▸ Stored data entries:
[Start of section]
(* Let $\varphi$ be an Orlicz integrand. Then the spaces $E_\varphi(\mu)$ and $E^\sigma_\varphi(\mu)$ are almost decomposable with respect to $\mu$.
   Context: $(\Omega,\mathcal{A},\mu)$ measure space with nontrivial positive measure, $X$ a real Banach space. Orlicz integrand: $\varphi\colon\Omega\times X\to[0,\infty]$ with $\varphi(\omega,\cdot)$ even, convex, lsc, proper, $\varphi(\omega,x)\to0$ as $x\to0$, $\varphi(\omega,x)\to\infty$ as $\|x\|\to\infty$ for a.e. $\omega$, and restriction to $A\times W$ being $\mathcal{A}(A)\otimes\mathcal{B}(W)$-measurable for every set $A$ that is a union of countably many atoms and a $\sigma$-finite set and every separable $W\subset X$. $L_\varphi(\mu)$: a.e.-classes of strongly measurable $u\colon\Omega\to X$ with finite Luxemburg norm $\|u\|_\varphi=\inf\{\alpha>0:\int\varphi(\omega,u(\omega)/\alpha)d\mu\le1\}$. $E_\varphi(\mu)$ is the closure in $L_\varphi(\mu)$ of the simple (measurable, finitely-valued) functions belonging to $L_\varphi(\mu)$; $E^\sigma_\varphi(\mu)$ its subset of elements vanishing outside a $\sigma$-finite set. A space $S$ of measurable functions $\Omega\to X$ is almost decomposable if for every $u_0\in S$, every $F\in\mathcal{A}$ with $\mu(F)<\infty$, every $\varepsilon>0$ and every bounded strongly measurable $u_1\colon F\to X$ there is measurable $F_\varepsilon\subset F$ with $\mu(F\setminus F_\varepsilon)<\varepsilon$ such that $u_0\chi_{\Omega\setminus F_\varepsilon}+u_1\chi_{F_\varepsilon}\in S$. *)

theory Defs
  imports "HOL-Analysis.Analysis"
begin

definition is_atom :: "'a measure \<Rightarrow> 'a set \<Rightarrow> bool" where
  "is_atom M A \<longleftrightarrow> A \<in> sets M \<and> emeasure M A > 0 \<and>
     (\<forall>B\<in>sets M. B \<subseteq> A \<longrightarrow> emeasure M B = 0 \<or> emeasure M (A - B) = 0)"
[End of section]
▸ Problem details: How many of the lines above include the word "integrand"? State that number and nothing else.

▸ Answer for this exercise: 2